WORK REQUEST: Across the listing below, count the lines containing "rotated". Answer with that number only.
━━━━━ SOURCE MATERIAL
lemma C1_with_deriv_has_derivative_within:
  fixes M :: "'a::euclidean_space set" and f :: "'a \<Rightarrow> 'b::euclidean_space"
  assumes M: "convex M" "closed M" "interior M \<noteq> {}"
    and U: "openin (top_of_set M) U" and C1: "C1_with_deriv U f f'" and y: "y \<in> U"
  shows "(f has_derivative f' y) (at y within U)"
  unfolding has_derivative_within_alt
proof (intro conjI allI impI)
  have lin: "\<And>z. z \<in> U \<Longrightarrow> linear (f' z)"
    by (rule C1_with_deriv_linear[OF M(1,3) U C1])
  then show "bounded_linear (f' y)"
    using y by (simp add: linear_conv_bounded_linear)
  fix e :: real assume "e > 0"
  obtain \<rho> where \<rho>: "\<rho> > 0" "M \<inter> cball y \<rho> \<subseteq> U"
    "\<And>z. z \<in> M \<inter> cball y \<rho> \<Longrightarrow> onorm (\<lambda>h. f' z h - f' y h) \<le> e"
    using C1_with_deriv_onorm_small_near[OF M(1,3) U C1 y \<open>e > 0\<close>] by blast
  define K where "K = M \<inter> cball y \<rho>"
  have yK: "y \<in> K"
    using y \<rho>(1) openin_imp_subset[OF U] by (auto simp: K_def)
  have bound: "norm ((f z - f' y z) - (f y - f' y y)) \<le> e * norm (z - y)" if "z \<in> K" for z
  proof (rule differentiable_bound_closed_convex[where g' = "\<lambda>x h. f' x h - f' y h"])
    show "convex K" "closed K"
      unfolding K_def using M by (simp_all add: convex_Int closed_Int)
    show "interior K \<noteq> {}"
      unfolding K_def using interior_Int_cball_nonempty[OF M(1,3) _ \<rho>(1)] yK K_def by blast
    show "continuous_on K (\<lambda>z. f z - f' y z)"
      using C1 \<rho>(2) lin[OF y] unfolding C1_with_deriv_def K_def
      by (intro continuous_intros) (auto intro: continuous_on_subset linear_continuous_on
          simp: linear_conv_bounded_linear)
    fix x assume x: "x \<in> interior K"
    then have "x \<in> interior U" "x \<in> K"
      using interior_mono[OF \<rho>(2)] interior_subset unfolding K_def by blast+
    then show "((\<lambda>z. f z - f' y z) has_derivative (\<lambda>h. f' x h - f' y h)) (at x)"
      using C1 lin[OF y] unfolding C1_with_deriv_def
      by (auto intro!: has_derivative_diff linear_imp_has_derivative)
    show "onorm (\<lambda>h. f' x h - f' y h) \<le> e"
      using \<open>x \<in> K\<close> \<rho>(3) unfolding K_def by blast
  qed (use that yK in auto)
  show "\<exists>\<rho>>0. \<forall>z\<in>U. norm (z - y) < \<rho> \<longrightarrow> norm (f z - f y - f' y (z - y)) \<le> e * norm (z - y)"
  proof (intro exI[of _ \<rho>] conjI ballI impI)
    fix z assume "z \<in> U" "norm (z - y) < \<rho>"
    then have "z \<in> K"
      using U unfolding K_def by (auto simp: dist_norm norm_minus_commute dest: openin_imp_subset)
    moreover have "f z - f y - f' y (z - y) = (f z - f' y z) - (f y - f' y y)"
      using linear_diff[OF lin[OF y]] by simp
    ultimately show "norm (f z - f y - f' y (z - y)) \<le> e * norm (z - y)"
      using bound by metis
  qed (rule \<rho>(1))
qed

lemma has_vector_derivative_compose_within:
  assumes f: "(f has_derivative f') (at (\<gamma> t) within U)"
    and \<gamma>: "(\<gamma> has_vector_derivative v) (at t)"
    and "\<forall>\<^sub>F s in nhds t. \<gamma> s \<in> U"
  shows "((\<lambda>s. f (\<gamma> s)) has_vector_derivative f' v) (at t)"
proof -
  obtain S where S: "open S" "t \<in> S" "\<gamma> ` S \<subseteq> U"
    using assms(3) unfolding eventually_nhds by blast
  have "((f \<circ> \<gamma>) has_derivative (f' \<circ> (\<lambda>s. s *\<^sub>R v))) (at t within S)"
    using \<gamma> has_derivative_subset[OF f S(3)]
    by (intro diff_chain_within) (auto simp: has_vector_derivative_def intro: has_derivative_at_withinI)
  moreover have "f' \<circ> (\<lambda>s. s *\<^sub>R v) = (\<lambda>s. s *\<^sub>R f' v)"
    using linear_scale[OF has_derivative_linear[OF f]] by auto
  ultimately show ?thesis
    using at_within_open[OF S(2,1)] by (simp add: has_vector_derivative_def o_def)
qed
━━━━━━━━━━
━━━━━ SOURCE MATERIAL
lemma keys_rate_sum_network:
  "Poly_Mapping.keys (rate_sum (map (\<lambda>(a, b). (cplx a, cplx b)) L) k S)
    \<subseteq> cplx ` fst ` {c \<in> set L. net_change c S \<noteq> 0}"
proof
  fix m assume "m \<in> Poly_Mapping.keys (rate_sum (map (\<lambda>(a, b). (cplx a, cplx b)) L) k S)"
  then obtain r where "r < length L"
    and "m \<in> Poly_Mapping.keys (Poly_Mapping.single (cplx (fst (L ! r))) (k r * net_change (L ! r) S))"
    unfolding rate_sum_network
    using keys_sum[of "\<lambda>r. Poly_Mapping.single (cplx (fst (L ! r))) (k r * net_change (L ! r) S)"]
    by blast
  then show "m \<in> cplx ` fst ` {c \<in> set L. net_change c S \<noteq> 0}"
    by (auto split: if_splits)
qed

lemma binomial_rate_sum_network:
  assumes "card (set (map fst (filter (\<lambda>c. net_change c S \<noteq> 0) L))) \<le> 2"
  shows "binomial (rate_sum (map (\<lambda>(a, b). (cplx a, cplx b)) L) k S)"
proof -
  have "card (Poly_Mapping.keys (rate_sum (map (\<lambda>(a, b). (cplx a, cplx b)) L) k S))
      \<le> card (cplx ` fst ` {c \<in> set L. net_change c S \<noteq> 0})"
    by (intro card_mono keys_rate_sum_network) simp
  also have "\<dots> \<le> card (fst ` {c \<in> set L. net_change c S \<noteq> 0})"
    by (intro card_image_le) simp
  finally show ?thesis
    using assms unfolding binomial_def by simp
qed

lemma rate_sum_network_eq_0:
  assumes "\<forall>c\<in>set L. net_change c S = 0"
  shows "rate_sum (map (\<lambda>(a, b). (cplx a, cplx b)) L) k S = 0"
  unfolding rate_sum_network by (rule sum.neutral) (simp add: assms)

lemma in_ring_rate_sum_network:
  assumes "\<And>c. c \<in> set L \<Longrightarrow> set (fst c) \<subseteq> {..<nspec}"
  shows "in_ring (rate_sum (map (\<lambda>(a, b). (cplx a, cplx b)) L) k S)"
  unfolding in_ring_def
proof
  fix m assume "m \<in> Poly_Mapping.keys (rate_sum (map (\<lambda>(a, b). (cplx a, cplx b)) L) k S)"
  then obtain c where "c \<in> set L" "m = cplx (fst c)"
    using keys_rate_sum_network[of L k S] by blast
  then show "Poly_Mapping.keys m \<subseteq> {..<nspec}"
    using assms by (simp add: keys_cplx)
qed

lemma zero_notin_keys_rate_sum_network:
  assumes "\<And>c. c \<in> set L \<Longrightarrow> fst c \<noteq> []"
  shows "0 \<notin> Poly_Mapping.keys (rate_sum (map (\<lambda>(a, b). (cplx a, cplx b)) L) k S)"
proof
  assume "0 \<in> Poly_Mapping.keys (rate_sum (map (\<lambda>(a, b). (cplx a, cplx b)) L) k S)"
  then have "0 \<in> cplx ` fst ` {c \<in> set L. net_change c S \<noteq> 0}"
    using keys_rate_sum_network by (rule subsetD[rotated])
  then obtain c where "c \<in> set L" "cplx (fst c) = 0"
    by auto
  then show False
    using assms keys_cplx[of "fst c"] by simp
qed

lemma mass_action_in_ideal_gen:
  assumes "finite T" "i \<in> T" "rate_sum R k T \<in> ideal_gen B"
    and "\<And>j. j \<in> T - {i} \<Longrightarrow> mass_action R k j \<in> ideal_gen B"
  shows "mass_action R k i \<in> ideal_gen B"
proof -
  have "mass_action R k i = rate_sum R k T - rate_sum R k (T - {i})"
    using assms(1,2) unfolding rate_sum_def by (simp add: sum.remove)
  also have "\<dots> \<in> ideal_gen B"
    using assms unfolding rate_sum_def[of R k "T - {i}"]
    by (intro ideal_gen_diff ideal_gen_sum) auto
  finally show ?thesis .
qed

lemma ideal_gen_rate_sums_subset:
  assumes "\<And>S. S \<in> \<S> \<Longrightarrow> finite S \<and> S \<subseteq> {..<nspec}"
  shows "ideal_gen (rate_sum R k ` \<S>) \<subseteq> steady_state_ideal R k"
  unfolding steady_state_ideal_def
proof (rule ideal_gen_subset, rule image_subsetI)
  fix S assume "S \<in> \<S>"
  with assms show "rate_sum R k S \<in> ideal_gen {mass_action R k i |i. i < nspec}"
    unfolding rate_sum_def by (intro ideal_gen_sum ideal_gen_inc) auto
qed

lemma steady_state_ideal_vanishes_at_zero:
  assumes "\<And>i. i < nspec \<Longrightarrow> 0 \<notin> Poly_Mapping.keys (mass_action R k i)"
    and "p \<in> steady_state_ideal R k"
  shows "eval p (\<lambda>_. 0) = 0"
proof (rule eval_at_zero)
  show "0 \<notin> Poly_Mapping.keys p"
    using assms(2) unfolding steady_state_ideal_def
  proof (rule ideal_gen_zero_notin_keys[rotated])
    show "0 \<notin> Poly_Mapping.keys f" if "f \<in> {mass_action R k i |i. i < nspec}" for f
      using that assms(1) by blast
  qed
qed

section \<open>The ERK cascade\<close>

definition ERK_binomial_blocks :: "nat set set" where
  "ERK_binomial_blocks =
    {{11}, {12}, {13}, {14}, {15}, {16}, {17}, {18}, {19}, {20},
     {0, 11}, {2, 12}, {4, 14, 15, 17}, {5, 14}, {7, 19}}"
━━━━━━━━━━
RESULT OF THIS TASK: 2